How should I use JpaRepository.findOne() with SpringBoot?
findOne()
is defined as <S extends T> Optional<S> findOne(Example<S> example);
.
It means that in your case it accepts a Example<Reader>
and returns an Optional<Reader>
.
You passed to it a String
, which is wrong and you use it as lambda return in AuthenticationManagerBuilder.userDetailsService()
, which is also wrong
because UserDetailsService
is an interface functional defined as
UserDetails loadUserByUsername(String username) throws UsernameNotFoundException;
So you need to return an UserDetails
instance not an Optional
of it or to throw UsernameNotFoundException
if no matching with the username to be compliant with the javadoc :
Returns:
a fully populated user record (never null)
Throws:
UsernameNotFoundException - if the user could not be found or the user has no GrantedAuthority
Besides you don't need to use findOne()
that is a query by example. A query by ID is enough.
So you could write something like that :
@Override
protected void configure(AuthenticationManagerBuilder auth) throws Exception {
auth.userDetailsService(username -> readerRepository.findById(username)
.orElseThrow( () -> new UsernameNotFoundException("user with username " + username + " not found"));
}
As a side note, getOne()
is tricky enough as it relies on lazy loading that may give bad surprises in some cases.
The remark of JB Nizet was interesting.
So I tested right now. It happens that the JPA session is not still opened when the entity (namely isAccountNonLocked()
) is accessed by the Spring Security classes.
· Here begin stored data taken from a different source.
(* For any field $\mathbb{F}$ and integers $1\le k\le n$, the disjointness matrix satisfies $\mathcal{R}^{rc}_{R_n}\big(2\binom{n}{<k}\big)\le\binom{n-k}{\le n-2k}$ over $\mathbb{F}$.
   Context: $R_n\in\{0,1\}^{2^n\times 2^n}$, indexed by $x,y\in\{0,1\}^n$, has $R_n[x,y]=1$ iff no coordinate $\ell$ has $x[\ell]=y[\ell]=1$. Row/column rigidity: $\mathcal{R}^{rc}_A(r)=\min\{\max(\mathrm{nnz_r}(B),\mathrm{nnz_c}(B)) : \mathrm{rank}(A+B)\le r\}$, where $\mathrm{nnz_r}(B)$ (resp. $\mathrm{nnz_c}(B)$) is the maximum number of nonzero entries in a row (resp. column) of $B$. $\binom{n}{<k}=\sum_{i=0}^{k-1}\binom{n}{i}$, $\binom{m}{\le j}=\sum_{i=0}^{j}\binom{m}{i}$ (empty sum $=0$). *)

theory Defs
  imports "Jordan_Normal_Form.DL_Rank"
begin

text \<open>Vectors x in {0,1}^n are encoded as natural numbers x < 2^n,
  with x[l] = bit x l for l < n.  The disjointness matrix R_n over a field 'a.\<close>
definition disj_mat :: "nat \<Rightarrow> 'a::field mat" where
  "disj_mat n = mat (2^n) (2^n)
     (\<lambda>(x, y). if \<not> (\<exists>l<n. bit x l \<and> bit y l) then 1 else 0)"

definition mrank :: "'a::field mat \<Rightarrow> nat" where
  "mrank A = vec_space.rank (dim_row A) A"

definition nnz_r :: "'a::zero mat \<Rightarrow> nat" where
  "nnz_r B = Max (insert 0 ((\<lambda>i. card {j. j < dim_col B \<and> B $$ (i, j) \<noteq> 0}) ` {..<dim_row B}))"

definition nnz_c :: "'a::zero mat \<Rightarrow> nat" where
  "nnz_c B = Max (insert 0 ((\<lambda>j. card {i. i < dim_row B \<and> B $$ (i, j) \<noteq> 0}) ` {..<dim_col B}))"

definition rigidity_rc :: "'a::field mat \<Rightarrow> nat \<Rightarrow> nat" where
  "rigidity_rc A r = Inf {max (nnz_r B) (nnz_c B) | B.
      B \<in> carrier_mat (dim_row A) (dim_col A) \<and> mrank (A + B) \<le> r}"

definition binom_lt :: "nat \<Rightarrow> nat \<Rightarrow> nat" where
  "binom_lt n k = (\<Sum>i<k. n choose i)"

text \<open>binom(m,<=j) = sum_{i=0}^{j} C(m,i) for an integer j (empty sum = 0 if j<0)\<close>
definition binom_le :: "nat \<Rightarrow> int \<Rightarrow> nat" where
  "binom_le m j = (\<Sum>i\<in>{i::nat. int i \<le> j}. m choose i)"

end

theory Submission
  imports Defs
begin

text \<open>Kill the entries of R_n whose row and column both have weight at least k.
  The rest of the matrix lives on the rows and the columns of weight below k, of which
  there are at most binom(n,<k) each, so the modified matrix has rank at most
  2 binom(n,<k).  A row of weight w at least k loses only the entries at columns of
  weight at least k disjoint from it, i.e. subsets of size at least k of an (n-w)-set;
  there are at most sum over j from k to n-k of C(n-k, j) = binom(n-k, <= n-2k) of them.
  Columns are handled symmetrically.\<close>

lemma card_subsets_card_in:
  assumes "finite C" "finite J"
  shows "card {S. S \<subseteq> C \<and> card S \<in> J} = (\<Sum>j\<in>J. card C choose j)"
proof -
  have "{S. S \<subseteq> C \<and> card S \<in> J} = (\<Union>j\<in>J. {S. S \<subseteq> C \<and> card S = j})" by auto
  moreover have "card (\<Union>j\<in>J. {S. S \<subseteq> C \<and> card S = j}) = (\<Sum>j\<in>J. card {S. S \<subseteq> C \<and> card S = j})"
    by (rule card_UN_disjoint) (use assms in \<open>auto intro: finite_subset[of _ "Pow C"]\<close>)
  ultimately show ?thesis using n_subsets[OF assms(1)] by simp
qed

lemma binom_le_upper_tail: "binom_le m (int m - int k) = (\<Sum>j=k..m. m choose j)"
proof (cases "k \<le> m")
  case False
  then show ?thesis unfolding binom_le_def by (simp add: not_le)
next
  case True
  then have "{i::nat. int i \<le> int m - int k} = {..m - k}" by auto
  moreover have "(\<Sum>j=k..m. m choose j) = (\<Sum>i\<le>m - k. m choose i)"
    by (rule sum.reindex_bij_witness[where i="\<lambda>i. m - i" and j="\<lambda>j. m - j"])
       (use True in \<open>auto simp: binomial_symmetric[symmetric]\<close>)
  ultimately show ?thesis unfolding binom_le_def by simp
qed

definition bit_support :: "nat \<Rightarrow> nat \<Rightarrow> nat set" where
  "bit_support n x = {l. l < n \<and> bit x l}"

definition weight :: "nat \<Rightarrow> nat \<Rightarrow> nat" where
  "weight n x = card (bit_support n x)"

lemma bit_support_subset: "bit_support n x \<subseteq> {..<n}"
  by (auto simp: bit_support_def)

lemma inj_on_bit_support: "inj_on (bit_support n) {..<2^n}"
proof (rule inj_onI)
  fix x y :: nat
  assume "x \<in> {..<2^n}" "y \<in> {..<2^n}" and eq: "bit_support n x = bit_support n y"
  then have "take_bit n x = x" "take_bit n y = y" by (auto simp: take_bit_nat_eq_self_iff)
  moreover have "bit x l = bit y l" if "l < n" for l
    using eq that by (auto simp: bit_support_def set_eq_iff)
  ultimately show "x = y" by (metis bit_eqI bit_take_bit_iff)
qed

lemma card_low_weight_le: "card {x. x < 2^n \<and> weight n x < k} \<le> binom_lt n k"
proof -
  have "card {x. x < 2^n \<and> weight n x < k} \<le> card {S. S \<subseteq> {..<n} \<and> card S \<in> {..<k}}"
  proof (rule card_inj_on_le)
    show "inj_on (bit_support n) {x. x < 2^n \<and> weight n x < k}"
      by (rule inj_on_subset[OF inj_on_bit_support]) auto
    show "bit_support n ` {x. x < 2^n \<and> weight n x < k} \<subseteq> {S. S \<subseteq> {..<n} \<and> card S \<in> {..<k}}"
      using bit_support_subset by (auto simp: weight_def)
  qed (auto intro: finite_subset[of _ "Pow {..<n}"])
  also have "\<dots> = binom_lt n k"
    unfolding binom_lt_def by (subst card_subsets_card_in) auto
  finally show ?thesis .
qed

lemma card_high_weight_disjoint_le:
  assumes "k \<le> n"
  shows "card {y. y < 2^n \<and> k \<le> weight n x \<and> k \<le> weight n y \<and> \<not> (\<exists>l<n. bit x l \<and> bit y l)}
           \<le> (\<Sum>j=k..n - k. (n - k) choose j)"
    (is "card ?Y \<le> _")
proof (cases "k \<le> weight n x")
  case False
  then show ?thesis by simp
next
  case True
  define C where "C = {..<n} - bit_support n x"
  have fin: "finite C" by (simp add: C_def)
  have card_C: "card C = n - weight n x"
    unfolding C_def weight_def using bit_support_subset
    by (subst card_Diff_subset) (auto intro: finite_subset)
  have "bit_support n y \<subseteq> C" if "y \<in> ?Y" for y
    using that by (auto simp: C_def bit_support_def)
  then have "bit_support n ` ?Y \<subseteq> {S. S \<subseteq> C \<and> card S \<in> {k..card C}}"
    by (auto simp: weight_def intro: card_mono[OF fin])
  then have "card ?Y \<le> card {S. S \<subseteq> C \<and> card S \<in> {k..card C}}"
  proof (rule card_inj_on_le[rotated])
    show "inj_on (bit_support n) ?Y"
      by (rule inj_on_subset[OF inj_on_bit_support]) auto
  qed (use fin in \<open>auto intro: finite_subset[of _ "Pow C"]\<close>)
  also have "\<dots> = (\<Sum>j=k..card C. card C choose j)"
    using card_subsets_card_in[OF fin, of "{k..card C}"] by simp
  also have "\<dots> \<le> (\<Sum>j=k..card C. (n - k) choose j)"
    using card_C True by (intro sum_mono binomial_right_mono) simp
  also have "\<dots> \<le> (\<Sum>j=k..n - k. (n - k) choose j)"
    using card_C True by (intro sum_mono2) auto
  finally show ?thesis .
qed

lemma rank_sum_outer_products_le:
  assumes "finite S"
  shows "vec_space.rank N (mat N M (\<lambda>(i, j). \<Sum>x\<in>S. f x i * g x j) :: 'a::field mat) \<le> card S"
  using assms
proof (induction S rule: finite_induct)
  case empty
  have "(mat N M (\<lambda>(i, j). \<Sum>x\<in>{}. f x i * g x j) :: 'a mat) = 0\<^sub>m N M"
    by (rule eq_matI) auto
  then show ?case by (simp only: vec_space.rank_0I card.empty order_refl)
next
  case (insert x S)
  let ?P = "mat N M (\<lambda>(i, j). f x i * g x j) :: 'a mat"
  let ?Q = "mat N M (\<lambda>(i, j). \<Sum>x\<in>S. f x i * g x j) :: 'a mat"
  have "(mat N M (\<lambda>(i, j). \<Sum>x\<in>insert x S. f x i * g x j) :: 'a mat) = ?P + ?Q"
    by (rule eq_matI) (use insert in auto)
  moreover have "vec_space.rank N (?P + ?Q) \<le> vec_space.rank N ?P + vec_space.rank N ?Q"
    by (rule vec_space.rank_subadditive) auto
  moreover have "vec_space.rank N ?P \<le> 1"
    by (rule vec_space.rank_le_1_product_entries[where f="f x" and g="g x"]) auto
  ultimately show ?case using insert by simp
qed

text \<open>A matrix supported on the rows in R and the columns in C is the sum of one rank-one
  matrix per row in R and one per column in C.\<close>
lemma rank_le_card_rows_cols:
  fixes A :: "'a::field mat"
  assumes A: "A \<in> carrier_mat N M" and "finite R" "finite C"
    and zero: "\<And>i j. i < N \<Longrightarrow> j < M \<Longrightarrow> i \<notin> R \<Longrightarrow> j \<notin> C \<Longrightarrow> A $$ (i, j) = 0"
  shows "vec_space.rank N A \<le> card R + card C"
proof -
  define P where "P = (mat N M (\<lambda>(i, j). \<Sum>x\<in>R. (if i = x then 1 else 0) * A $$ (x, j)) :: 'a mat)"
  define Q where "Q = (mat N M (\<lambda>(i, j). \<Sum>x\<in>C. (if i \<notin> R then A $$ (i, x) else 0)
                                               * (if j = x then 1 else 0)) :: 'a mat)"
  have A_eq: "A = P + Q"
  proof (rule eq_matI)
    fix i j assume "i < dim_row (P + Q)" "j < dim_col (P + Q)"
    then have ij: "i < N" "j < M" by (auto simp: P_def Q_def)
    have "P $$ (i, j) = (if i \<in> R then A $$ (i, j) else 0)"
      using ij \<open>finite R\<close> by (simp add: P_def if_distrib[where f="\<lambda>a. a * _"] cong: if_cong)
    moreover have "Q $$ (i, j) = (if i \<notin> R \<and> j \<in> C then A $$ (i, j) else 0)"
      using ij \<open>finite C\<close> by (simp add: Q_def if_distrib[where f="\<lambda>a. _ * a"] cong: if_cong)
    moreover have "(P + Q) $$ (i, j) = P $$ (i, j) + Q $$ (i, j)"
      by (rule index_add_mat) (use ij in \<open>simp_all add: Q_def\<close>)
    ultimately show "A $$ (i, j) = (P + Q) $$ (i, j)"
      using ij zero by auto
  qed (use A in \<open>auto simp: P_def Q_def\<close>)
  have "vec_space.rank N A \<le> vec_space.rank N P + vec_space.rank N Q"
    unfolding A_eq by (rule vec_space.rank_subadditive) (auto simp: P_def Q_def)
  also have "\<dots> \<le> card R + card C"
    unfolding P_def Q_def
    by (intro add_mono rank_sum_outer_products_le \<open>finite R\<close> \<open>finite C\<close>)
  finally show ?thesis .
qed

lemma nnz_r_le:
  assumes "\<And>i. i < dim_row B \<Longrightarrow> card {j. j < dim_col B \<and> B $$ (i, j) \<noteq> 0} \<le> b"
  shows "nnz_r B \<le> b"
  unfolding nnz_r_def using assms by (subst Max_le_iff) auto

lemma nnz_c_le:
  assumes "\<And>j. j < dim_col B \<Longrightarrow> card {i. i < dim_row B \<and> B $$ (i, j) \<noteq> 0} \<le> b"
  shows "nnz_c B \<le> b"
  unfolding nnz_c_def using assms by (subst Max_le_iff) auto

lemma rigidity_rc_le:
  assumes "B \<in> carrier_mat (dim_row A) (dim_col A)" "mrank (A + B) \<le> r"
  shows "rigidity_rc A r \<le> max (nnz_r B) (nnz_c B)"
  unfolding rigidity_rc_def by (rule cInf_lower) (use assms in auto)

definition high_weight_cancellation :: "nat \<Rightarrow> nat \<Rightarrow> 'a::field mat" where
  "high_weight_cancellation n k = mat (2^n) (2^n) (\<lambda>(x, y).
     if k \<le> weight n x \<and> k \<le> weight n y \<and> \<not> (\<exists>l<n. bit x l \<and> bit y l) then - 1 else 0)"

lemma high_weight_cancellation_carrier:
  "high_weight_cancellation n k \<in> carrier_mat (2^n) (2^n)"
  by (simp add: high_weight_cancellation_def)

lemma mrank_disj_mat_plus_high_weight_cancellation:
  "mrank (disj_mat n + high_weight_cancellation n k :: 'a::field mat) \<le> 2 * binom_lt n k"
proof -
  let ?M = "disj_mat n + high_weight_cancellation n k :: 'a mat"
  let ?L = "{x. x < 2^n \<and> weight n x < k}"
  have "mrank ?M = vec_space.rank (2^n) ?M"
    by (simp add: mrank_def high_weight_cancellation_def)
  also have "\<dots> \<le> card ?L + card ?L"
    by (rule rank_le_card_rows_cols[of _ "2^n" "2^n"])
       (auto simp: disj_mat_def high_weight_cancellation_def)
  also have "\<dots> \<le> 2 * binom_lt n k"
    using card_low_weight_le[of n k] by simp
  finally show ?thesis .
qed

lemma nnz_r_high_weight_cancellation:
  assumes "k \<le> n"
  shows "nnz_r (high_weight_cancellation n k :: 'a::field mat) \<le> (\<Sum>j=k..n - k. (n - k) choose j)"
proof (rule nnz_r_le)
  fix x
  let ?B = "high_weight_cancellation n k :: 'a mat"
  assume "x < dim_row ?B"
  then have "{y. y < dim_col ?B \<and> ?B $$ (x, y) \<noteq> 0}
      = {y. y < 2^n \<and> k \<le> weight n x \<and> k \<le> weight n y \<and> \<not> (\<exists>l<n. bit x l \<and> bit y l)}"
    by (auto simp: high_weight_cancellation_def split: if_splits)
  then show "card {y. y < dim_col ?B \<and> ?B $$ (x, y) \<noteq> 0} \<le> (\<Sum>j=k..n - k. (n - k) choose j)"
    using card_high_weight_disjoint_le[OF assms] by simp
qed

lemma nnz_c_high_weight_cancellation:
  assumes "k \<le> n"
  shows "nnz_c (high_weight_cancellation n k :: 'a::field mat) \<le> (\<Sum>j=k..n - k. (n - k) choose j)"
proof (rule nnz_c_le)
  fix y
  let ?B = "high_weight_cancellation n k :: 'a mat"
  assume "y < dim_col ?B"
  then have "{x. x < dim_row ?B \<and> ?B $$ (x, y) \<noteq> 0}
      = {x. x < 2^n \<and> k \<le> weight n y \<and> k \<le> weight n x \<and> \<not> (\<exists>l<n. bit y l \<and> bit x l)}"
    by (auto simp: high_weight_cancellation_def split: if_splits)
  then show "card {x. x < dim_row ?B \<and> ?B $$ (x, y) \<noteq> 0} \<le> (\<Sum>j=k..n - k. (n - k) choose j)"
    using card_high_weight_disjoint_le[OF assms] by simp
qed

theorem mainTheorem11:
  fixes n k :: nat
  assumes "1 \<le> k" and "k \<le> n"
  shows "rigidity_rc (disj_mat n :: 'a::field mat) (2 * binom_lt n k)
           \<le> binom_le (n - k) (int n - 2 * int k)"
proof -
  let ?B = "high_weight_cancellation n k :: 'a mat"
  have "rigidity_rc (disj_mat n :: 'a mat) (2 * binom_lt n k) \<le> max (nnz_r ?B) (nnz_c ?B)"
    by (rule rigidity_rc_le[OF _ mrank_disj_mat_plus_high_weight_cancellation])
       (simp add: disj_mat_def high_weight_cancellation_carrier)
  also have "\<dots> \<le> (\<Sum>j=k..n - k. (n - k) choose j)"
    using nnz_r_high_weight_cancellation[OF assms(2)] nnz_c_high_weight_cancellation[OF assms(2)]
    by simp
  also have "\<dots> = binom_le (n - k) (int n - 2 * int k)"
    using binom_le_upper_tail[of "n - k" k] assms(2) by (simp add: of_nat_diff)
  finally show ?thesis .
qed

end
So a LazyInitializationException
is thrown in any case (username correct or no) :
org.hibernate.LazyInitializationException: could not initialize proxy - no Session at org.hibernate.proxy.AbstractLazyInitializer.initialize(AbstractLazyInitializer.java:155) at org.hibernate.proxy.AbstractLazyInitializer.getImplementation(AbstractLazyInitializer.java:268) at org.hibernate.proxy.pojo.javassist.JavassistLazyInitializer.invoke(JavassistLazyInitializer.java:73) at davidhxxx.example.angularsboot.model.db.User_$$_jvstd90_5.isAccountNonLocked(User_$$_jvstd90_5.java) at org.springframework.security.authentication.dao.AbstractUserDetailsAuthenticationProvider$DefaultPreAuthenticationChecks.check(AbstractUserDetailsAuthenticationProvider.java:352) at org.springframework.security.authentication.dao.AbstractUserDetailsAuthenticationProvider.authenticate(AbstractUserDetailsAuthenticationProvider.java:165)
This question may interest you.
As others have said, in the latest versions of Spring Data 2.x, you should use findById, instead of findOne, findOne in the latest version of Spring Data (that is part of Spring-Boot 2.x if you are using that) wants an example object. My guess is that the book you were using was written before the recent release of Spring 5 / Spring Boot 2 / Spring Data 2.x.